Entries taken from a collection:
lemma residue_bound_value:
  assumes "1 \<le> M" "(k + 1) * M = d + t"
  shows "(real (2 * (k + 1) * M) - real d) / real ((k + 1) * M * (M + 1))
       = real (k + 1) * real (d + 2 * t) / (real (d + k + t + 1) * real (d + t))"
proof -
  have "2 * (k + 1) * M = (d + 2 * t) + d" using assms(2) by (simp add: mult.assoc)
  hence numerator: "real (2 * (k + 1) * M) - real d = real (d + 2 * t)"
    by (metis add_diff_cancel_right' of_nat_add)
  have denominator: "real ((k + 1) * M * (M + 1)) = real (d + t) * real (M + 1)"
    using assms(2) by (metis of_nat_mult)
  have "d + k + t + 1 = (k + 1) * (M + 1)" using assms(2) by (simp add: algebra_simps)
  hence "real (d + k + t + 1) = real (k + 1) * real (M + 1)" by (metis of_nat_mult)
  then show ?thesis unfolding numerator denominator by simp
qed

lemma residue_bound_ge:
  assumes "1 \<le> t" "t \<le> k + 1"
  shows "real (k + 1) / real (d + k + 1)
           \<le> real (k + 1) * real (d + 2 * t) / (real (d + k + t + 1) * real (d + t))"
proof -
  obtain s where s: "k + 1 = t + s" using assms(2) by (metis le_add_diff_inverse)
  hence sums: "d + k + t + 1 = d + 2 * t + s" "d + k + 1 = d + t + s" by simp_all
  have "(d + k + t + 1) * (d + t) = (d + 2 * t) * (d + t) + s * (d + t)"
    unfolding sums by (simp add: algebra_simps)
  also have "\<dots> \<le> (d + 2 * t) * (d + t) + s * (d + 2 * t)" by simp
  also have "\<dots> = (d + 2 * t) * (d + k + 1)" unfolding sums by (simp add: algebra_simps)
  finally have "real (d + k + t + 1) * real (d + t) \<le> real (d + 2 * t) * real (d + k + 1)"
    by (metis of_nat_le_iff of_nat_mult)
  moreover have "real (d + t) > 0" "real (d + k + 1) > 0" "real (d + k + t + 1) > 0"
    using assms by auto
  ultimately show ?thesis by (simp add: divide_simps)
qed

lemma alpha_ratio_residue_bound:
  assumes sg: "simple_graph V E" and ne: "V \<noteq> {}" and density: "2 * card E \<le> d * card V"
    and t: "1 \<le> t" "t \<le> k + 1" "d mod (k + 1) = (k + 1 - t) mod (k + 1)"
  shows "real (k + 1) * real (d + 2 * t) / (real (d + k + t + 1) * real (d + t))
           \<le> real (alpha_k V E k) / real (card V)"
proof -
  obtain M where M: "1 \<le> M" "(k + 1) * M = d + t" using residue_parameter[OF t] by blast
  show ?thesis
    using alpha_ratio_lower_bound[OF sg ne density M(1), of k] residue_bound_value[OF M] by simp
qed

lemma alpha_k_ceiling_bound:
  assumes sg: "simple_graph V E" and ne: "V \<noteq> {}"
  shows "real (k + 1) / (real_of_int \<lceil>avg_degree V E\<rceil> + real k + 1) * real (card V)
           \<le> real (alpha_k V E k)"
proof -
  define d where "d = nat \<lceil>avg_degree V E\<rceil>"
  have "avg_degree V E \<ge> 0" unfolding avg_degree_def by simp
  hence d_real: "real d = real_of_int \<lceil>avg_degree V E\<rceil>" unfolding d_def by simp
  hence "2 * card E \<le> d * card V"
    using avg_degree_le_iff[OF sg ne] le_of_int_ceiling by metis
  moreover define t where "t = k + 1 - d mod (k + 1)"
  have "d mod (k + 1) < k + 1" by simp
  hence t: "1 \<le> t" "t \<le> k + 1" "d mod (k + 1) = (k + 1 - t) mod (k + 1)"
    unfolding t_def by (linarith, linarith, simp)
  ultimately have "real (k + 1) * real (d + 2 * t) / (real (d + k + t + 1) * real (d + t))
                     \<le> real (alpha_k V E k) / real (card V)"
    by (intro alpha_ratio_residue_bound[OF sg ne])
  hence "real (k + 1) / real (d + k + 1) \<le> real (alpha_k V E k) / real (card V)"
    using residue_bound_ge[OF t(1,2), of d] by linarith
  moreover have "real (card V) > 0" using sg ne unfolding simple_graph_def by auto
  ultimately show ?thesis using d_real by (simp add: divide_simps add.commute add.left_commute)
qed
...
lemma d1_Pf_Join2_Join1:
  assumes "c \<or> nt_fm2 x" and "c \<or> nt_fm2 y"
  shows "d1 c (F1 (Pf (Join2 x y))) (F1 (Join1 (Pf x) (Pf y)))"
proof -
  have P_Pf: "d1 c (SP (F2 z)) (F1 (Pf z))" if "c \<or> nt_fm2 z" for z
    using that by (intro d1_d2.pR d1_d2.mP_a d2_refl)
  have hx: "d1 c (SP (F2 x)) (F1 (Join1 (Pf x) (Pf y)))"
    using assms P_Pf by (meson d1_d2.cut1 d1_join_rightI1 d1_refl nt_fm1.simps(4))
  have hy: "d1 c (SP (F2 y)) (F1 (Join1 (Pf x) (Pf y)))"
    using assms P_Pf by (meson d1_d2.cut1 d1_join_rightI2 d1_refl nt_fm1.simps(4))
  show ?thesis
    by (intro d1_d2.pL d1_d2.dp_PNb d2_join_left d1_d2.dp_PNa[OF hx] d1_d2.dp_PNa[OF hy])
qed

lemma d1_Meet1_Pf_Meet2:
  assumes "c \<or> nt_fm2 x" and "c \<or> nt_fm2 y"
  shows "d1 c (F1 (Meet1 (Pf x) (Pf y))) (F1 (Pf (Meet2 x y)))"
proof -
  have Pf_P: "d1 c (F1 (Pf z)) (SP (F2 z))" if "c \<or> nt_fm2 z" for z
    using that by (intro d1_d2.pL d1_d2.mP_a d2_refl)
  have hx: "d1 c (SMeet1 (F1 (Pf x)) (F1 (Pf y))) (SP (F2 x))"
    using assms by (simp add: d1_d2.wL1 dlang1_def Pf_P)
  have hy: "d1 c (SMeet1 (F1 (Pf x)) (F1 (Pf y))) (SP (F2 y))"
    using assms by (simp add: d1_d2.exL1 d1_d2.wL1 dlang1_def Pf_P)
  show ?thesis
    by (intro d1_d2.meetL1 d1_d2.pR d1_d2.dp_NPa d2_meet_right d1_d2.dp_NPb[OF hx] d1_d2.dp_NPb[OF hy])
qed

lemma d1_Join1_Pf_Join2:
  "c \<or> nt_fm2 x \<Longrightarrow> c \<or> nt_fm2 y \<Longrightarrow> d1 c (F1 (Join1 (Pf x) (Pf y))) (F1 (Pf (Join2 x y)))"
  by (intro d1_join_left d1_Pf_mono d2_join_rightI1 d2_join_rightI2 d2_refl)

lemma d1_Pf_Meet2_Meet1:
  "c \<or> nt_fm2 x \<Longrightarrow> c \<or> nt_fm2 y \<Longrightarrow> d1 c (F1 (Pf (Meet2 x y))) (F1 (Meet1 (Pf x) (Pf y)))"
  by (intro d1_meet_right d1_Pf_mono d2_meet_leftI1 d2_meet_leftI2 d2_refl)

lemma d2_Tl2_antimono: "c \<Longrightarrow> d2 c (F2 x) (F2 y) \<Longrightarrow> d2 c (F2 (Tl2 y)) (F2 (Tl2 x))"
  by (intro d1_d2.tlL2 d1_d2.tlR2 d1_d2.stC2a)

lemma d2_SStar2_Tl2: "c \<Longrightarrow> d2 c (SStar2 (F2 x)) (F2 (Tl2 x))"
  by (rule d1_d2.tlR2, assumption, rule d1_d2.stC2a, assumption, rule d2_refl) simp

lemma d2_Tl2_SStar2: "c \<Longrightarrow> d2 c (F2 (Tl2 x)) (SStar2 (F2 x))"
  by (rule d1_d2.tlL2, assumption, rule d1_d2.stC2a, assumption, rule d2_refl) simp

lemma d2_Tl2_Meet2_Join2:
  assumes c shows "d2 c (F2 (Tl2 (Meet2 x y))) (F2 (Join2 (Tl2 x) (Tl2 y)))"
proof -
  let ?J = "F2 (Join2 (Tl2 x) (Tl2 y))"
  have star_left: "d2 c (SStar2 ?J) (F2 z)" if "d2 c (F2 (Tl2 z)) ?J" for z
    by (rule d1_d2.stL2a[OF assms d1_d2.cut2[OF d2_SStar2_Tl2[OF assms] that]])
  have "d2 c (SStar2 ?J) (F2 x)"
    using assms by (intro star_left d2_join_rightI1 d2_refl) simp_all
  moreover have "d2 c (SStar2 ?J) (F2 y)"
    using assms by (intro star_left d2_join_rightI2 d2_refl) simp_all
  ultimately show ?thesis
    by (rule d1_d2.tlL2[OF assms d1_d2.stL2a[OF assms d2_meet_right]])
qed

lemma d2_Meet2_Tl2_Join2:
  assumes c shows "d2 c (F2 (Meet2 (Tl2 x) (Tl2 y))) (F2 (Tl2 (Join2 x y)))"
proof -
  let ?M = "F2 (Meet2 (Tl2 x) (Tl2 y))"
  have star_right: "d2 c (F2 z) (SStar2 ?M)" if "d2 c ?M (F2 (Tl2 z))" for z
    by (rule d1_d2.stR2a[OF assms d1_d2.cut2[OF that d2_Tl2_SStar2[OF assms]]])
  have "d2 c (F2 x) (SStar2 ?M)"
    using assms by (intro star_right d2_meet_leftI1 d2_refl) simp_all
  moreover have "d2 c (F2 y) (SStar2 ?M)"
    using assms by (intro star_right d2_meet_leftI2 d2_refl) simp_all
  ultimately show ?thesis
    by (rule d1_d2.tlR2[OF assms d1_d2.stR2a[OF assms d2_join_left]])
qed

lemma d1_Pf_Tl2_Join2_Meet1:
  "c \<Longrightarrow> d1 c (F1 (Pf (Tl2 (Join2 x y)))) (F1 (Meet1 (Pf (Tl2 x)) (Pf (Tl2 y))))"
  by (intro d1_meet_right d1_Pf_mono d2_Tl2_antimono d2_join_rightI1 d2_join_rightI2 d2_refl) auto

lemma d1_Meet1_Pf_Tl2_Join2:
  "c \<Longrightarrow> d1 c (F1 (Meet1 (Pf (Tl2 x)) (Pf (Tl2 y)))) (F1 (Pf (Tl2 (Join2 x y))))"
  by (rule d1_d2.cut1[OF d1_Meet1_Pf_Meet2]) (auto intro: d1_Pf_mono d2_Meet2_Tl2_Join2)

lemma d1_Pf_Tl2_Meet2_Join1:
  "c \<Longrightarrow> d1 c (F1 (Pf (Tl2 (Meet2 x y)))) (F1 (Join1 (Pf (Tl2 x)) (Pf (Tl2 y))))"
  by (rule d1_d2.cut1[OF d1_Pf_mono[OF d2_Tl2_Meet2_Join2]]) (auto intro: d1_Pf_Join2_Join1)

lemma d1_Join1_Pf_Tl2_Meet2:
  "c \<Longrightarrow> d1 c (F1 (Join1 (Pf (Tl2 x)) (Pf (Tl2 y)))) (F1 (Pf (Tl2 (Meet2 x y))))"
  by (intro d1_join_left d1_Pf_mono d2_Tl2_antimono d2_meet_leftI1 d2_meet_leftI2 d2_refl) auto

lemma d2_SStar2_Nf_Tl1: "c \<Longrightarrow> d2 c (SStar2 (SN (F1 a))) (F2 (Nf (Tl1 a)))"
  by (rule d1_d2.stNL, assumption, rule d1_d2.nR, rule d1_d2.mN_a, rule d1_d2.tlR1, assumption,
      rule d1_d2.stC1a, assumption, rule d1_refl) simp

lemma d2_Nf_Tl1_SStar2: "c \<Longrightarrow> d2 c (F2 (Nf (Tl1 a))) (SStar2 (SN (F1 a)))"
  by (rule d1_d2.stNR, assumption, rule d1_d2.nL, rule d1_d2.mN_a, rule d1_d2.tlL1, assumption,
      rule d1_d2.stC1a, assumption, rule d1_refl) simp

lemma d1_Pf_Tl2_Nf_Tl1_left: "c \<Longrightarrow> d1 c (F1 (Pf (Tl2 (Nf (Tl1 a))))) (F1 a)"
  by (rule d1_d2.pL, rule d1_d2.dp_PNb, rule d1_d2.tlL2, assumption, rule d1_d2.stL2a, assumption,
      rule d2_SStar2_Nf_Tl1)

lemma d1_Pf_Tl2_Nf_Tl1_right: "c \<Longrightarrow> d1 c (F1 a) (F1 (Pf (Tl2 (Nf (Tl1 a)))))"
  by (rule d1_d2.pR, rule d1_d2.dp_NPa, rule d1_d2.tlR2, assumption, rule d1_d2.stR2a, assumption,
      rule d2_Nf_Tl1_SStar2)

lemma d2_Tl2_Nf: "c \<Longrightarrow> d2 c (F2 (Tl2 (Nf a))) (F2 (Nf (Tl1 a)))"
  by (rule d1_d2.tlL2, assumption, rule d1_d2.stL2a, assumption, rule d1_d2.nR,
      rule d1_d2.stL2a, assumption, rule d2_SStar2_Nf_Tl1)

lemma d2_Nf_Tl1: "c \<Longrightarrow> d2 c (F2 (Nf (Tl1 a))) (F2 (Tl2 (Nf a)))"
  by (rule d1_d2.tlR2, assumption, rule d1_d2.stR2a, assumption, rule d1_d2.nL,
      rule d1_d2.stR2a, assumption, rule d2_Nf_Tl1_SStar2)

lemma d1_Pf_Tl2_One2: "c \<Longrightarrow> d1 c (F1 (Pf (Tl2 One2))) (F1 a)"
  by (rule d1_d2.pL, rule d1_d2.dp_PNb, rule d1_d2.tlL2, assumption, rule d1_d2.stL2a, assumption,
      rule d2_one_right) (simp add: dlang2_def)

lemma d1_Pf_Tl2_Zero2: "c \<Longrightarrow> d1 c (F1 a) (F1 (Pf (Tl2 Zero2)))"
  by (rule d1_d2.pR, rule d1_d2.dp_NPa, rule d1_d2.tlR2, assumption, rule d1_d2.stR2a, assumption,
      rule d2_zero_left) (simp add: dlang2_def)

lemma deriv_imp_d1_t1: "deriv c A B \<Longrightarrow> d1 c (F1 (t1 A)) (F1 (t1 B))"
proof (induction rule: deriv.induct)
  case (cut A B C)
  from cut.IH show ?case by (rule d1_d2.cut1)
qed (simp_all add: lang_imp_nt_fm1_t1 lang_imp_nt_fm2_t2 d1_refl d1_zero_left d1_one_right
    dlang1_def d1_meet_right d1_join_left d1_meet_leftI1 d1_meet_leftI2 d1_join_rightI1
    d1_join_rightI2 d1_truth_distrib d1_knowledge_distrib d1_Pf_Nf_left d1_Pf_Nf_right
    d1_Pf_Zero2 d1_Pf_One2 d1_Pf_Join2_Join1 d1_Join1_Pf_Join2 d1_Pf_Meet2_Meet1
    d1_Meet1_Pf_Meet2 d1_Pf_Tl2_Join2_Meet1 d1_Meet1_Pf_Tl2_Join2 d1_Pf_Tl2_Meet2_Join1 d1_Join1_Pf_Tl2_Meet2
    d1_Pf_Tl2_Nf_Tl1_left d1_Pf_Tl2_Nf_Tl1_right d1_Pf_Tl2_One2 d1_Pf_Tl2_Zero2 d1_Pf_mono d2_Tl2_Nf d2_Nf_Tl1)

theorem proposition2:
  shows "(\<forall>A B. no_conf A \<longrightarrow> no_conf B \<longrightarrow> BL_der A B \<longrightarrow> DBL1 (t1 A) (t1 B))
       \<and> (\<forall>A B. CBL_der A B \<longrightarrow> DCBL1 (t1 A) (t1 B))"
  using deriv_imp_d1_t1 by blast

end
* * *
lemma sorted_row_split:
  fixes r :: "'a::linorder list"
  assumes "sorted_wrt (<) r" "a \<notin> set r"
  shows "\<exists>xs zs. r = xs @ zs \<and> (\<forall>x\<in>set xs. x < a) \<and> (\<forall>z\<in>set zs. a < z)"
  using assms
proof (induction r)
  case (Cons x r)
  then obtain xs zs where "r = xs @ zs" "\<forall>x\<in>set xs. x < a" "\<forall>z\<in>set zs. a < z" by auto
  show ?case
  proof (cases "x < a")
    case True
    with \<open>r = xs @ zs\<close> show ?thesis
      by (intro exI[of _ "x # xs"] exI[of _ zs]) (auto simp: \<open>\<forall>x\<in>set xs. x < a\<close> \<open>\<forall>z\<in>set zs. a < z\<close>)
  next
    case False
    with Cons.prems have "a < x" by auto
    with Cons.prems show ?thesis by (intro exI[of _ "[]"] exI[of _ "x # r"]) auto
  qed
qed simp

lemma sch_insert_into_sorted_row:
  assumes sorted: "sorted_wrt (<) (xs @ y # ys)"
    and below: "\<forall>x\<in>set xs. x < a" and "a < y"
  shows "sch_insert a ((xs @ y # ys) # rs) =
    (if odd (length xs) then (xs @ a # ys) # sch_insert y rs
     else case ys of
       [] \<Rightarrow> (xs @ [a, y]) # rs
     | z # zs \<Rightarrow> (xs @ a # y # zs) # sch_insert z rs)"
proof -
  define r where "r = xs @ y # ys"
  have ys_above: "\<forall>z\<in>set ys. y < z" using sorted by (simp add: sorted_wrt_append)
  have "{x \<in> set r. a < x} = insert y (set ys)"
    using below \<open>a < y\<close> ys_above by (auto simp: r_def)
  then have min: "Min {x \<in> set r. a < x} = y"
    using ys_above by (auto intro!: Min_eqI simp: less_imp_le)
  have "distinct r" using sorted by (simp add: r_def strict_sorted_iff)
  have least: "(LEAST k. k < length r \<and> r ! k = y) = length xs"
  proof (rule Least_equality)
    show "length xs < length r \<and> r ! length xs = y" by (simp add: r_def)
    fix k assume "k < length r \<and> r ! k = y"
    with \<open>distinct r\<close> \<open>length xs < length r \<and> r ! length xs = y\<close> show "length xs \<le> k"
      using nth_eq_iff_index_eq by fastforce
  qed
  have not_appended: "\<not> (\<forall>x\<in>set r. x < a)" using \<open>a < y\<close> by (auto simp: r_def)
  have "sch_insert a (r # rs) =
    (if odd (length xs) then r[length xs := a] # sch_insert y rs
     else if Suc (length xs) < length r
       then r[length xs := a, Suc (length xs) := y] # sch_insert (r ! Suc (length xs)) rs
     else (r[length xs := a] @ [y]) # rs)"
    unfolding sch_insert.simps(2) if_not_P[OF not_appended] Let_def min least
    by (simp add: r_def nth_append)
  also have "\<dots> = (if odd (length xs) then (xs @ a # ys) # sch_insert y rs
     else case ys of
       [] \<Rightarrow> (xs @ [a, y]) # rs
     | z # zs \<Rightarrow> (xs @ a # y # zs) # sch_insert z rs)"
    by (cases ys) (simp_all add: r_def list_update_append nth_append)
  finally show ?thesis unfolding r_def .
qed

Work instructions.
With the first line being the one containing "((xs @ y # ys)" and the last line the one containing "define r where", transcribe exactly the lines above that fall in that range.

Your response.
  shows "sch_insert a ((xs @ y # ys) # rs) =
    (if odd (length xs) then (xs @ a # ys) # sch_insert y rs
     else case ys of
       [] \<Rightarrow> (xs @ [a, y]) # rs
     | z # zs \<Rightarrow> (xs @ a # y # zs) # sch_insert z rs)"
proof -
  define r where "r = xs @ y # ys"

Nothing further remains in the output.